▸ **BRIEF**
From the records below, output exactly the lines running from the line containing "then u else" through the line containing "by (induction t", and no others.

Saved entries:
=== Section Start ===

text \<open>The gap around \<open>k\<close> runs from the point of \<open>U\<close> farthest from \<open>k\<close> counterclockwise
  to the nearest one.\<close>
lemma gap_exists:
  assumes fin: "finite U" and U: "U \<subseteq> {..<n}" and xy: "x \<in> U" "y \<in> U" "x \<noteq> y"
    and k: "k < n" "k \<notin> U"
  obtains P N where "P \<in> U" "N \<in> U" "U \<inter> cyc_open n P N = {}" "k \<in> cyc_open n P N"
proof -
  let ?d = "cdist n k"
  have ne: "?d ` U \<noteq> {}" and fi: "finite (?d ` U)" using xy fin by auto
  obtain N where N: "N \<in> U" "?d N = Min (?d ` U)" using Min_in[OF fi ne] by auto
  obtain P where P: "P \<in> U" "?d P = Max (?d ` U)" using Max_in[OF fi ne] by auto
  have lo: "?d N \<le> ?d l" and hi: "?d l \<le> ?d P" if "l \<in> U" for l
    using that N P fi by auto
  have lt: "l < n" if "l \<in> U" for l using that U by auto
  have "0 < ?d N"
    using cdist_inj[of k n N k] cdist_self[of n k] k N(1) lt by (metis neq0_conv)
  moreover have "?d N < ?d P"
  proof (rule ccontr)
    assume "\<not> ?d N < ?d P"
    then have "?d x = ?d y" using lo hi xy by (meson le_antisym not_less order_trans)
    then show False using cdist_inj k lt xy by metis
  qed
  moreover note Plt = lt[OF P(1)] and Nlt = lt[OF N(1)]
  ultimately have "k \<in> cyc_open n P N" using k by (auto simp: mem_cyc_open_iff cdist_eq split: if_splits)
  moreover have "l \<notin> cyc_open n P N" if "l \<in> U" for l
    using lo[OF that] hi[OF that] lt[OF that] Plt Nlt k
    by (auto simp: mem_cyc_open_iff cdist_eq split: if_splits)
  ultimately show ?thesis using that P N by blast
qed

lemma portion_commute: "portion n F X Y = portion n F Y X"
  unfolding portion_def by blast

lemma gap_subset_portion:
  assumes "X \<in> F" "Y \<in> F" "P \<in> X" "N \<in> Y" "P < n" "N < n" "\<Union>F \<inter> cyc_open n P N = {}"
  shows "cyc_open n P N \<subseteq> portion n F X Y"
proof
  fix k assume k: "k \<in> cyc_open n P N"
  then have "prev_is n F k X" "next_is n F k Y"
    using assms cyc_open_split[OF assms(5,6) k] unfolding prev_is_def next_is_def by blast+
  then show "k \<in> portion n F X Y"
    using k assms(7) cyc_open_lt[OF k] unfolding portion_def by blast
qed
(* Let $M,N\in\Lambda^{001}$ with $M\longrightarrow_\beta^\infty N$. Then there exist terms $M_0,M_1,M_2,\ldots\in\Lambda^{001}$ such that $M_0=M$ and, for every $d\in\mathbf N$, $$M_0\longrightarrow_{\beta\ge 0}^* M_1\longrightarrow_{\beta\ge1}^* M_2\longrightarrow_{\beta\ge2}^*\cdots\longrightarrow_{\beta\ge d-1}^* M_d \longrightarrow_{\beta\ge d}^\infty N.$$
   Context: Fix a set $\mathcal V$ of variables. A 001-infinitary λ-term is a possibly infinite tree built from variables $x\in\mathcal V$, abstractions $\lambda x.M$ and applications $(M)N$ ($N$ the argument), such that every infinite branch enters infinitely often the argument position of an application node; $\Lambda^{001}$ is the set of such terms, up to α-equivalence, with fresh variables always available. $M[N/x]$ denotes capture-avoiding substitution. One-step β-reduction $\longrightarrow_\beta$ is the contextual closure (finite derivations) of $(\lambda x.M)N\longrightarrow_\beta M[N/x]$; $\longrightarrow_\beta^*$ is its reflexive-transitive closure. The infinitary reduction $\longrightarrow_\beta^\infty$ is defined by the rules below, where derivations may be infinite provided every infinite branch passes infinitely often through the third premise of (@): (var) $M\longrightarrow_\beta^* x\Rightarrow M\longrightarrow_\beta^\infty x$; (λ) $M\longrightarrow_\beta^*\lambda x.P$ and $P\longrightarrow_\beta^\infty P'$ $\Rightarrow M\longrightarrow_\beta^\infty\lambda x.P'$; (@) $M\longrightarrow_\beta^*(P)Q$, $P\longrightarrow_\beta^\infty P'$, $Q\longrightarrow_\beta^\infty Q'$ $\Rightarrow M\longrightarrow_\beta^\infty(P')Q'$. Min-depth reduction: $\longrightarrow_{\beta\ge0}$ is $\longrightarrow_\beta$; for $d\ge0$, $\longrightarrow_{\beta\ge d+1}$ is defined inductively by: $M\longrightarrow_{\beta\ge d+1}N\Rightarrow\lambda x.M\longrightarrow_{\beta\ge d+1}\lambda x.N$; $M\longrightarrow_{\beta\ge d+1}N\Rightarrow(M)P\longrightarrow_{\beta\ge d+1}(N)P$; $M\longrightarrow_{\beta\ge d}N\Rightarrow(P)M\longrightarrow_{\beta\ge d+1}(P)N$ (i.e. contraction of a redex whose path from the root crosses at least $d+1$ argument positions). $\longrightarrow_{\beta\ge d}^*$ is its reflexive-transitive closure. Min-depth infinitary reduction: $\longrightarrow_{\beta\ge0}^\infty$ is $\longrightarrow_\beta^\infty$; for $d\ge1$, $\longrightarrow_{\beta\ge d}^\infty$ is defined inductively (finite derivations) by: $x\longrightarrow_{\beta\ge d}^\infty x$; $M\longrightarrow_{\beta\ge d}^\infty M'\Rightarrow\lambda x.M\longrightarrow_{\beta\ge d}^\infty\lambda x.M'$; ($M\longrightarrow_{\beta\ge d}^\infty M'$ and $N\longrightarrow_{\beta\ge d-1}^\infty N'$) $\Rightarrow (M)N\longrightarrow_{\beta\ge d}^\infty(M')N'$. *)

theory Defs
  imports Main
begin

text \<open>Possibly infinite lambda-terms, represented with de Bruijn indices, so that
terms are identified up to alpha-equivalence. A free variable is an index that
is not bound by an enclosing abstraction.\<close>

codatatype iterm = Var nat | Lam iterm | App iterm iterm

inductive fin_spine :: "iterm \<Rightarrow> bool" where
  "fin_spine (Var n)"
| "fin_spine s \<Longrightarrow> fin_spine (Lam s)"
| "fin_spine s \<Longrightarrow> fin_spine (App s u)"

inductive reach :: "iterm \<Rightarrow> iterm \<Rightarrow> bool" where
  "reach t t"
| "reach s u \<Longrightarrow> reach (Lam s) u"
| "reach s u \<Longrightarrow> reach (App s v) u"
| "reach v u \<Longrightarrow> reach (App s v) u"

text \<open>001-terms: every infinite branch enters an argument position infinitely
often, i.e. no subterm admits an infinite branch avoiding argument positions.\<close>

definition is001 :: "iterm \<Rightarrow> bool" where
  "is001 t \<longleftrightarrow> (\<forall>s. reach t s \<longrightarrow> fin_spine s)"

primcorec shift :: "nat \<Rightarrow> iterm \<Rightarrow> iterm" where
  "shift c t = (case t of
      Var n \<Rightarrow> Var (if n < c then n else Suc n)
    | Lam s \<Rightarrow> Lam (shift (Suc c) s)
    | App s v \<Rightarrow> App (shift c s) (shift c v))"

primcorec subst :: "nat \<Rightarrow> iterm \<Rightarrow> iterm \<Rightarrow> iterm" where
  "subst k u t = (case t of
      Var n \<Rightarrow> (if n = k then
                   (case u of Var m \<Rightarrow> Var m | Lam a \<Rightarrow> Lam a | App a b \<Rightarrow> App a b)
                 else Var (if k < n then n - 1 else n))
    | Lam s \<Rightarrow> Lam (subst (Suc k) (shift 0 u) s)
    | App s v \<Rightarrow> App (subst k u s) (subst k u v))"

definition inst :: "iterm \<Rightarrow> iterm \<Rightarrow> iterm" where
  "inst s u = subst 0 u s"

inductive beta :: "iterm \<Rightarrow> iterm \<Rightarrow> bool" where
  redex: "beta (App (Lam s) u) (inst s u)"
| lam: "beta M N \<Longrightarrow> beta (Lam M) (Lam N)"
| appL: "beta M N \<Longrightarrow> beta (App M P) (App N P)"
| appR: "beta M N \<Longrightarrow> beta (App P M) (App P N)"

abbreviation beta_star :: "iterm \<Rightarrow> iterm \<Rightarrow> bool" where
  "beta_star \<equiv> beta\<^sup>*\<^sup>*"

inductive beta_ge :: "nat \<Rightarrow> iterm \<Rightarrow> iterm \<Rightarrow> bool" where
  zero: "beta M N \<Longrightarrow> beta_ge 0 M N"
| lam: "beta_ge (Suc d) M N \<Longrightarrow> beta_ge (Suc d) (Lam M) (Lam N)"
| appL: "beta_ge (Suc d) M N \<Longrightarrow> beta_ge (Suc d) (App M P) (App N P)"
| appR: "beta_ge d M N \<Longrightarrow> beta_ge (Suc d) (App P M) (App P N)"

text \<open>Inner (inductive) layer of the mixed inductive/coinductive definition:
the parameter \<open>X\<close> is used only at the argument premise of the application rule.\<close>

inductive binf_step :: "(iterm \<Rightarrow> iterm \<Rightarrow> bool) \<Rightarrow> iterm \<Rightarrow> iterm \<Rightarrow> bool"
  for X :: "iterm \<Rightarrow> iterm \<Rightarrow> bool" where
  var: "beta_star M (Var x) \<Longrightarrow> binf_step X M (Var x)"
| lam: "beta_star M (Lam P) \<Longrightarrow> binf_step X P P' \<Longrightarrow> binf_step X M (Lam P')"
| app: "beta_star M (App P Q) \<Longrightarrow> binf_step X P P' \<Longrightarrow> X Q Q'
          \<Longrightarrow> binf_step X M (App P' Q')"

text \<open>Derivations may be infinite as long as every infinite branch passes
infinitely often through the argument premise: greatest fixed point of the
least fixed point.\<close>

definition binf :: "iterm \<Rightarrow> iterm \<Rightarrow> bool" where
  "binf = gfp binf_step"

inductive binf_ge :: "nat \<Rightarrow> iterm \<Rightarrow> iterm \<Rightarrow> bool" where
  zero: "binf M N \<Longrightarrow> binf_ge 0 M N"
| var: "binf_ge (Suc d) (Var x) (Var x)"
| lam: "binf_ge (Suc d) M M' \<Longrightarrow> binf_ge (Suc d) (Lam M) (Lam M')"
| app: "binf_ge (Suc d) M M' \<Longrightarrow> binf_ge d N N' \<Longrightarrow> binf_ge (Suc d) (App M N) (App M' N')"

end

theory Submission
  imports Defs
begin

text \<open>An infinitary reduction at depth \<open>\<ge> d\<close> from \<open>M\<close> to \<open>N\<close> factors as a finite reduction
  at depth \<open>\<ge> d\<close> from \<open>M\<close> to some \<open>M'\<close> followed by an infinitary reduction at depth \<open>\<ge> d + 1\<close>
  from \<open>M'\<close> to \<open>N\<close>: only finitely many nodes of the derivation lie above depth \<open>d + 1\<close> (for
  \<open>d = 0\<close> they form the inductive layer of \<open>binf_step\<close> down to the first argument positions),
  and \<open>M'\<close> is obtained by performing the finite reductions found at those nodes in context.
  Iterating the factorisation yields the sequence. Its terms are 001 because \<open>\<beta>\<close>-reduction
  preserves 001-terms: substituting a 001-term into a 001-term gives a 001-term.\<close>

lemma shift_simps [simp]:
  "shift c (Var n) = Var (if n < c then n else Suc n)"
  "shift c (Lam s) = Lam (shift (Suc c) s)"
  "shift c (App s v) = App (shift c s) (shift c v)"
  by (subst shift.code; simp)+

lemma subst_Var: "subst k u (Var n) = (if n = k then u else Var (if k < n then n - 1 else n))"
  by (subst subst.code) (cases u; simp)

lemma subst_Lam [simp]: "subst k u (Lam s) = Lam (subst (Suc k) (shift 0 u) s)"
  by (subst subst.code) simp

lemma subst_App [simp]: "subst k u (App s v) = App (subst k u s) (subst k u v)"
  by (subst subst.code) simp

lemma is001_Lam [simp]: "is001 (Lam s) \<longleftrightarrow> is001 s"
  unfolding is001_def
  by (auto intro: reach.intros fin_spine.intros elim: reach.cases)

lemma is001_App [simp]: "is001 (App s v) \<longleftrightarrow> is001 s \<and> is001 v"
proof
  assume "is001 (App s v)"
  then show "is001 s \<and> is001 v"
    unfolding is001_def by (auto intro: reach.intros)
next
  assume "is001 s \<and> is001 v"
  then show "is001 (App s v)"
    unfolding is001_def
    by (auto elim!: reach.cases[of "App s v"] intro: fin_spine.intros reach.intros)
qed

lemma fin_spine_shift: "fin_spine t \<Longrightarrow> fin_spine (shift c t)"
  by (induction t arbitrary: c rule: fin_spine.induct) (auto intro: fin_spine.intros)

lemma reach_shift: "reach (shift c t) r \<Longrightarrow> \<exists>c' t'. reach t t' \<and> r = shift c' t'"
proof (induction "shift c t" r arbitrary: c t rule: reach.induct)
  case 1
  then show ?case by (auto intro: reach.intros)
next
  case (2 s u)
  then show ?case by (cases t) (fastforce intro: reach.intros)+
next
  case (3 s u v)
  then show ?case by (cases t) (fastforce intro: reach.intros)+
next
  case (4 v u s)
  then show ?case by (cases t) (fastforce intro: reach.intros)+
qed

lemma is001_shift: "is001 t \<Longrightarrow> is001 (shift c t)"
  unfolding is001_def using reach_shift fin_spine_shift by blast

lemma fin_spine_subst: "fin_spine t \<Longrightarrow> is001 u \<Longrightarrow> fin_spine (subst k u t)"
proof (induction t arbitrary: k u rule: fin_spine.induct)
  case (1 n)
  then show ?case by (auto simp: subst_Var is001_def intro: fin_spine.intros reach.intros)
qed (auto intro: fin_spine.intros is001_shift)

lemma reach_subst:
  assumes "reach (subst k u t) r" and "is001 u"
  shows "(\<exists>k' u' t'. reach t t' \<and> r = subst k' u' t' \<and> is001 u') \<or> (\<exists>u'. is001 u' \<and> reach u' r)"
  using assms
proof (induction "subst k u t" r arbitrary: k u t rule: reach.induct)
  case 1
  then show ?case by (auto intro: reach.intros)
next
  case (2 s r)
  show ?case
  proof (cases t)
    case (Lam t')
    with 2 have "s = subst (Suc k) (shift 0 u) t'" by simp
    with 2 Lam is001_shift show ?thesis by (blast intro: reach.intros)
  qed (use 2 in \<open>auto simp: subst_Var split: if_splits intro: reach.intros\<close>)
next
  case (3 s r v)
  show ?case
  proof (cases t)
    case (App a b)
    with 3 have "s = subst k u a" by simp
    with 3 App show ?thesis by (blast intro: reach.intros)
  qed (use 3 in \<open>auto simp: subst_Var split: if_splits intro: reach.intros\<close>)
next
  case (4 v r s)
  show ?case
  proof (cases t)
    case (App a b)
    with 4 have "v = subst k u b" by simp
    with 4 App show ?thesis by (blast intro: reach.intros)
  qed (use 4 in \<open>auto simp: subst_Var split: if_splits intro: reach.intros\<close>)
qed

lemma is001_subst: "is001 t \<Longrightarrow> is001 u \<Longrightarrow> is001 (subst k u t)"
  using reach_subst fin_spine_subst unfolding is001_def by blast

lemma beta_is001: "beta M N \<Longrightarrow> is001 M \<Longrightarrow> is001 N"
  by (induction rule: beta.induct) (auto simp: inst_def intro: is001_subst)

lemma beta_ge_imp_beta: "beta_ge d M N \<Longrightarrow> beta M N"
  by (induction rule: beta_ge.induct) (auto intro: beta.intros)

lemma rtranclp_beta_ge_is001: "(beta_ge d)\<^sup>*\<^sup>* M N \<Longrightarrow> is001 M \<Longrightarrow> is001 N"
  by (induction rule: rtranclp_induct) (auto dest: beta_ge_imp_beta beta_is001)

lemma rtranclp_map:
  assumes "\<And>x y. r x y \<Longrightarrow> s (f x) (f y)" and "r\<^sup>*\<^sup>* a b"
  shows "s\<^sup>*\<^sup>* (f a) (f b)"
  using assms(2) by induction (auto intro: assms(1) rtranclp.rtrancl_into_rtrancl)

lemma beta_star_Lam: "beta_star M N \<Longrightarrow> beta_star (Lam M) (Lam N)"
  by (rule rtranclp_map[where f = Lam]) (rule beta.lam)

lemma beta_star_AppL: "beta_star M N \<Longrightarrow> beta_star (App M P) (App N P)"
  by (rule rtranclp_map[where f = "\<lambda>M. App M P"]) (rule beta.appL)

lemma beta_star_imp_beta_ge0: "beta_star M N \<Longrightarrow> (beta_ge 0)\<^sup>*\<^sup>* M N"
  by (rule rtranclp_map[where f = id, simplified]) (rule beta_ge.zero)

lemma beta_ge_star_Lam:
  "(beta_ge (Suc d))\<^sup>*\<^sup>* M N \<Longrightarrow> (beta_ge (Suc d))\<^sup>*\<^sup>* (Lam M) (Lam N)"
  by (rule rtranclp_map[where f = Lam]) (rule beta_ge.lam)

lemma beta_ge_star_AppL:
  "(beta_ge (Suc d))\<^sup>*\<^sup>* M N \<Longrightarrow> (beta_ge (Suc d))\<^sup>*\<^sup>* (App M P) (App N P)"
  by (rule rtranclp_map[where f = "\<lambda>M. App M P"]) (rule beta_ge.appL)

lemma beta_ge_star_AppR:
  "(beta_ge d)\<^sup>*\<^sup>* M N \<Longrightarrow> (beta_ge (Suc d))\<^sup>*\<^sup>* (App P M) (App P N)"
  by (rule rtranclp_map[where f = "App P"]) (rule beta_ge.appR)

lemma mono_binf_step: "mono binf_step"
proof (intro monoI predicate2I)
  fix X Y :: "iterm \<Rightarrow> iterm \<Rightarrow> bool" and M N
  assume "X \<le> Y" and "binf_step X M N"
  from this(2) show "binf_step Y M N"
    by induction (use \<open>X \<le> Y\<close> in \<open>auto intro: binf_step.intros\<close>)
qed

lemma binf_unfold: "binf M N \<Longrightarrow> binf_step binf M N"
  using gfp_unfold[OF mono_binf_step] unfolding binf_def by simp

lemma binf_step_factor: "binf_step binf M N \<Longrightarrow> \<exists>M'. beta_star M M' \<and> binf_ge 1 M' N"
proof (induction rule: binf_step.induct)
  case (var M x)
  then show ?case by (auto intro: binf_ge.var)
next
  case (lam M P P')
  then obtain Q where "beta_star P Q" "binf_ge 1 Q P'" by blast
  with lam.hyps(1) show ?case
    by (intro exI[of _ "Lam Q"]) (auto intro: binf_ge.lam beta_star_Lam rtranclp_trans)
next
  case (app M P Q P' Q')
  then obtain R where "beta_star P R" "binf_ge 1 R P'" by blast
  with app.hyps show ?case
    by (intro exI[of _ "App R Q"])
       (auto intro: binf_ge.app binf_ge.zero beta_star_AppL rtranclp_trans)
qed

lemma binf_ge_factor:
  "binf_ge d M N \<Longrightarrow> \<exists>M'. (beta_ge d)\<^sup>*\<^sup>* M M' \<and> binf_ge (Suc d) M' N"
proof (induction rule: binf_ge.induct)
  case (zero M N)
  then show ?case using binf_step_factor binf_unfold beta_star_imp_beta_ge0 by fastforce
next
  case (var d x)
  then show ?case by (auto intro: binf_ge.var)
next
  case (lam d M M')
  then obtain Q where "(beta_ge (Suc d))\<^sup>*\<^sup>* M Q" "binf_ge (Suc (Suc d)) Q M'" by blast
  then show ?case by (intro exI[of _ "Lam Q"]) (auto intro: binf_ge.lam beta_ge_star_Lam)
next
  case (app d M M' N N')
  then obtain Q R where "(beta_ge (Suc d))\<^sup>*\<^sup>* M Q" "binf_ge (Suc (Suc d)) Q M'"
    and "(beta_ge d)\<^sup>*\<^sup>* N R" "binf_ge (Suc d) R N'" by blast
  then show ?case
    by (intro exI[of _ "App Q R"])
       (auto intro: binf_ge.app beta_ge_star_AppL beta_ge_star_AppR rtranclp_trans)
qed

theorem mainTheorem6:
  assumes "is001 M" and "is001 N" and "binf M N"
  shows "\<exists>Ms :: nat \<Rightarrow> iterm. Ms 0 = M \<and> (\<forall>i. is001 (Ms i)) \<and>
           (\<forall>d. (beta_ge d)\<^sup>*\<^sup>* (Ms d) (Ms (Suc d)) \<and> binf_ge d (Ms d) N)"
proof -
  let ?P = "\<lambda>d M'. binf_ge d M' N \<and> is001 M' \<and> (d = 0 \<longrightarrow> M' = M)"
  have "\<exists>Ms. \<forall>d. ?P d (Ms d) \<and> (beta_ge d)\<^sup>*\<^sup>* (Ms d) (Ms (Suc d))"
  proof (rule dependent_nat_choice)
    show "\<exists>M'. ?P 0 M'"
      using assms(1,3) by (auto intro: binf_ge.zero)
  next
    fix d M' assume "?P d M'"
    then show "\<exists>M''. ?P (Suc d) M'' \<and> (beta_ge d)\<^sup>*\<^sup>* M' M''"
      using binf_ge_factor rtranclp_beta_ge_is001 by blast
  qed
  then show ?thesis by blast
qed

end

=== Section End ===

▸ **WORKED SOLUTION**
lemma subst_Var: "subst k u (Var n) = (if n = k then u else Var (if k < n then n - 1 else n))"
  by (subst subst.code) (cases u; simp)

lemma subst_Lam [simp]: "subst k u (Lam s) = Lam (subst (Suc k) (shift 0 u) s)"
  by (subst subst.code) simp

lemma subst_App [simp]: "subst k u (App s v) = App (subst k u s) (subst k u v)"
  by (subst subst.code) simp

lemma is001_Lam [simp]: "is001 (Lam s) \<longleftrightarrow> is001 s"
  unfolding is001_def
  by (auto intro: reach.intros fin_spine.intros elim: reach.cases)

lemma is001_App [simp]: "is001 (App s v) \<longleftrightarrow> is001 s \<and> is001 v"
proof
  assume "is001 (App s v)"
  then show "is001 s \<and> is001 v"
    unfolding is001_def by (auto intro: reach.intros)
next
  assume "is001 s \<and> is001 v"
  then show "is001 (App s v)"
    unfolding is001_def
    by (auto elim!: reach.cases[of "App s v"] intro: fin_spine.intros reach.intros)
qed

lemma fin_spine_shift: "fin_spine t \<Longrightarrow> fin_spine (shift c t)"
  by (induction t arbitrary: c rule: fin_spine.induct) (auto intro: fin_spine.intros)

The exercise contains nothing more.